COVID-19 concerns sent thousands of inmates home. Give clemency to those who deserve it.

This spring, as more Americans are able to get vaccinated, there’s hope the pandemic is nearing its end and life is slowly returning to normal. But for 4,500 Americans, the end of the pandemic could instead mean returning to prison.

The March 2020 CARES Act allowed the Federal Bureau of Prisons to expand the period of home confinement, which usually comes at the end of a sentence. As a result, thousands of incarcerated individuals convicted of nonviolent crimes were released from prison –where COVID-19 swept through cramped facilities – to home confinement. Many were able to reunite with their families and find jobs.

But earlier this year, the Justice Department ordered that individuals under home confinement due to COVID-19 must return to prison when the emergency is lifted, putting 4,500 lives in limbo, awaiting an uncertain date when their return to normalcy is taken away.

Inmates near the end of their sentence may be able to stay home if the Bureau of Prisons grants permission, according to a recent USA TODAY report. And while the Biden administration extended the length of the COVID emergency declaration, that still might not help people with years left to serve.

The Federal Bureau of Prisons may decide to let inmates who have a short time left on their sentence to serve it at home.

The administration could get into a legal back-and-forth over the interpretation of the CARES Act. But a simpler path would be for President Joe Biden to grant clemency to those on home confinement who pose no threat to public safety. Reviewing the cases will be another step toward reducing unnecessary incarceration in America, which imprisons more people than any other democratic country with no added benefit to public safety.

The two of us experienced the justice system, and clemency in particular, up close. One of us worked as a senior adviser to former President Donald Trump on criminal justice and other policy issues. The other served nearly 22 years in prison for a first-time, nonviolent drug offense before returning home after Trump granted clemency, and later a pardon.

Through these experiences, we have come to know people from diverse backgrounds who have made mistakes, but still have much to offer their families and our society. That is what we are seeing with many of the individuals under home confinement due to COVID-19.

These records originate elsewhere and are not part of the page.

lemma generator_eq_jump_rates:
  assumes \<eta>: "\<eta> \<in> S" and U: "finite U" "S \<subseteq> U"
  shows "Q h \<eta> = (\<Sum>\<zeta>\<in>U - {\<eta>}. Q (\<lambda>\<xi>. if \<xi> = \<zeta> then 1 else 0) \<eta> * (h \<zeta> - h \<eta>))"
proof -
  have rate: "Q (\<lambda>\<xi>. if \<xi> = \<zeta> then 1 else 0) \<eta> = (\<Sum>p\<in>P \<eta>. w \<eta> p * (if T \<eta> p = \<zeta> then 1 else 0))"
    if "\<zeta> \<in> U - {\<eta>}" for \<zeta>
    unfolding generator_eq[OF \<eta>] using that by (intro sum.cong refl) auto
  have jump: "(\<Sum>\<zeta>\<in>U - {\<eta>}. w \<eta> p * (if T \<eta> p = \<zeta> then h \<zeta> - h \<eta> else 0)) = w \<eta> p * (h (T \<eta> p) - h \<eta>)"
    if p: "p \<in> P \<eta>" for p
  proof -
    have "(\<Sum>\<zeta>\<in>U - {\<eta>}. w \<eta> p * (if T \<eta> p = \<zeta> then h \<zeta> - h \<eta> else 0)) =
        w \<eta> p * (if T \<eta> p \<in> U - {\<eta>} then h (T \<eta> p) - h \<eta> else 0)"
      unfolding sum_distrib_left[symmetric] using U(1) by simp
    then show ?thesis
      using U(2) jump_closed[OF \<eta> p] by (cases "w \<eta> p = 0") auto
  qed
  have "(\<Sum>\<zeta>\<in>U - {\<eta>}. Q (\<lambda>\<xi>. if \<xi> = \<zeta> then 1 else 0) \<eta> * (h \<zeta> - h \<eta>)) =
      (\<Sum>\<zeta>\<in>U - {\<eta>}. \<Sum>p\<in>P \<eta>. w \<eta> p * (if T \<eta> p = \<zeta> then h \<zeta> - h \<eta> else 0))"
    by (intro sum.cong refl) (simp add: rate sum_distrib_right, intro sum.cong refl, simp)
  also have "\<dots> = (\<Sum>p\<in>P \<eta>. w \<eta> p * (h (T \<eta> p) - h \<eta>))"
    by (subst sum.swap) (simp add: jump)
  finally show ?thesis
    unfolding generator_eq[OF \<eta>] by simp
qed

lemma semigroup_eq_if_generator_eq:
  assumes eq: "\<And>g \<eta>. \<eta> \<in> S \<Longrightarrow> Q g \<eta> = Q' g \<eta>" and \<eta>: "\<eta> \<in> S"
  shows "semigroup Q t g \<eta> = semigroup Q' t g \<eta>"
proof -
  have "(Q ^^ k) g \<eta> = (Q' ^^ k) g \<eta>" if "\<eta> \<in> S" for k \<eta>
    using that
  proof (induction k arbitrary: \<eta>)
    case (Suc k)
    then have "Q ((Q ^^ k) g) \<eta> = Q ((Q' ^^ k) g) \<eta>"
      by (intro generator_cong) auto
    then show ?case
      using eq[OF Suc.prems] by simp
  qed simp
  then show ?thesis
    unfolding semigroup_def using \<eta> by simp
qed

end

section \<open>Particle configurations\<close>

definition particles :: "nat \<Rightarrow> conf \<Rightarrow> nat" where
  "particles N \<eta> = (\<Sum>x\<in>{0..N+1}. \<eta> x)"

definition confs :: "nat \<Rightarrow> nat \<Rightarrow> conf set" where
  "confs N n = {\<eta>. (\<forall>y. y \<notin> {0..N+1} \<longrightarrow> \<eta> y = 0) \<and> particles N \<eta> = n}"

lemma sum_fun_upd_nat:
  fixes f :: "'a \<Rightarrow> nat"
  assumes "finite A" "x \<in> A"
  shows "sum (f(x := v)) A + f x = sum f A + v"
proof -
  have "sum (f(x := v)) (A - {x}) = sum f (A - {x})"
    by (intro sum.cong) auto
  then show ?thesis
    using sum.remove[OF assms, of f] sum.remove[OF assms, of "f(x := v)"] by simp
qed

lemma le_particles: "x \<in> {0..N+1} \<Longrightarrow> \<eta> x \<le> particles N \<eta>"
  unfolding particles_def by (rule member_le_sum) auto

lemma particles_remove:
  "x \<in> {0..N+1} \<Longrightarrow> 0 < \<eta> x \<Longrightarrow> particles N (\<eta>(x := \<eta> x - 1)) = particles N \<eta> - 1"
  unfolding particles_def using sum_fun_upd_nat[of "{0..N+1}" x \<eta> "\<eta> x - 1"] by simp

lemma particles_add:
  "y \<in> {0..N+1} \<Longrightarrow> particles N (\<eta>(y := \<eta> y + 1)) = particles N \<eta> + 1"
  unfolding particles_def using sum_fun_upd_nat[of "{0..N+1}" y \<eta> "\<eta> y + 1"] by simp

lemma finite_confs: "finite (confs N n)"
proof (rule finite_subset)
  show "confs N n \<subseteq> {\<eta>. \<forall>x. (x \<in> {0..N+1} \<longrightarrow> \<eta> x \<in> {0..n}) \<and> (x \<notin> {0..N+1} \<longrightarrow> \<eta> x = 0)}"
    using le_particles unfolding confs_def by fastforce
  show "finite {\<eta>::conf. \<forall>x. (x \<in> {0..N+1} \<longrightarrow> \<eta> x \<in> {0..n}) \<and> (x \<notin> {0..N+1} \<longrightarrow> \<eta> x = 0)}"
    by (rule finite_set_of_finite_funs) auto
qed

lemma remove_in_confs:
  assumes "\<eta> \<in> confs N n" "x \<in> {0..N+1}" "0 < \<eta> x"
  shows "\<eta>(x := \<eta> x - 1) \<in> confs N (n - 1)"
  using assms particles_remove[of x N \<eta>] by (auto simp: confs_def)

lemma move_in_confs:
  assumes \<eta>: "\<eta> \<in> confs N n" and x: "x \<in> {0..N+1}" and y: "y \<in> {0..N+1}"
    and "x \<noteq> y" and "0 < \<eta> x"
  shows "\<eta>(x := \<eta> x - 1, y := \<eta> y + 1) \<in> confs N n"
proof -
  let ?\<eta>' = "\<eta>(x := \<eta> x - 1)"
  have "\<eta>(x := \<eta> x - 1, y := \<eta> y + 1) = ?\<eta>'(y := ?\<eta>' y + 1)"
    using \<open>x \<noteq> y\<close> by simp
  moreover have "1 \<le> n"
    using le_particles[OF x, of \<eta>] \<eta> \<open>0 < \<eta> x\<close> by (simp add: confs_def)
  ultimately show ?thesis
    using remove_in_confs[OF \<eta> x \<open>0 < \<eta> x\<close>] particles_add[OF y, of ?\<eta>'] y by (auto simp: confs_def)
qed

lemma confs_0: "confs N 0 = {\<lambda>_. 0}"
proof -
  have "\<eta> = (\<lambda>_. 0)" if "\<eta> \<in> confs N 0" for \<eta>
  proof
    fix x show "\<eta> x = 0"
      using that le_particles[of x N \<eta>] by (cases "x \<in> {0..N+1}") (auto simp: confs_def)
  qed
  then show ?thesis
    by (auto simp: confs_def particles_def)
qed

lemma delta_inj: "delta a = delta b \<Longrightarrow> a = b"
  unfolding delta_def by (metis zero_neq_one)

lemma delta_in_confs: "a \<in> {0..N+1} \<Longrightarrow> delta a \<in> confs N 1"
  unfolding confs_def particles_def delta_def by auto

Consider what home confinement has meant for Kendrick Fulton. In 2003, Fulton was convicted of a nonviolent drug offense and spent the next 17 years in prison. Last year, he was moved to home confinement and went to live with his sister in Texas, where he has found steady work. Fulton said in a recent interview: “Words can’t really express how I feel to be home … to get a job, to get a bank account.”

Since his conviction, Fulton has taken responsibility for his crime, and is seeking clemency so he can move on and contribute to society. But Fulton now faces being sent back to prison and remaining there until his sentence expires in 2032 – even though sentencing guidelines for the offense he committed have changed since he was convicted and today people committing a similar offense likely receive a far lesser sentence.

There are plenty of inmates whose stories parallel Fulton’s: Miranda McLaurin is a disabled veteran who rebuilt her life in Mississippi and has now been able to spend time with her grandson; Robert Edwards works in Tampa for a retired police officer, he said, and lives with his mother; Dennis Alba is 71, spent nearly 20 years in prison, but now holds a steady job just a few miles from his California home. He has six years left on his sentence.

To prevent individuals like these from being sent back to prison, a congressional coalition wrote a letter to Biden, urging him to review their cases for clemency. The letter notes that the CARES Act did not require individuals on home confinement be sent back to prison, and that the Justice Department can modify the guidance issued by the last administration. But clemency would allow rehabilitated individuals to move on with their lives rather than serving home detention for the rest of their sentences.

Clemency should be carefully and fairly considered. But all the people under home confinement were released because they were determined to be safe, making them strong candidates.

The moral issue goes beyond these 4,500 Americans. In recent years, a diverse coalition from across the political spectrum has united for criminal justice reforms. Trump signed the bipartisan First Step Act in 2018, reducing some excessive sentences and creating more opportunities for rehabilitation.

Biden ran on a platform to build on these criminal justice reforms. As he said in a proclamation commemorating Second Chance Month, “We lift up all those who, having made mistakes, are committed to rejoining society and making meaningful contributions.”

Biden should now extend that commitment to people under home confinement. Reviewing these cases for clemency will not only help transform the lives of thousands of Americans, but also continue the momentum toward a more sensible and fair criminal justice system.

As Americans look to move past the pandemic, let’s ensure individuals who have made amends for their mistakes can contribute to our country’s future.

Alice Marie Johnson is the founder of Taking Action for Good, a nonprofit focused on advancing criminal justice through story telling, commutations and second chances. Ja’Ron Smith is the executive director of the Center for Advancing Opportunity, a partnership between the Thurgood Marshall College Fund, the Charles Koch Foundation and Koch Industries.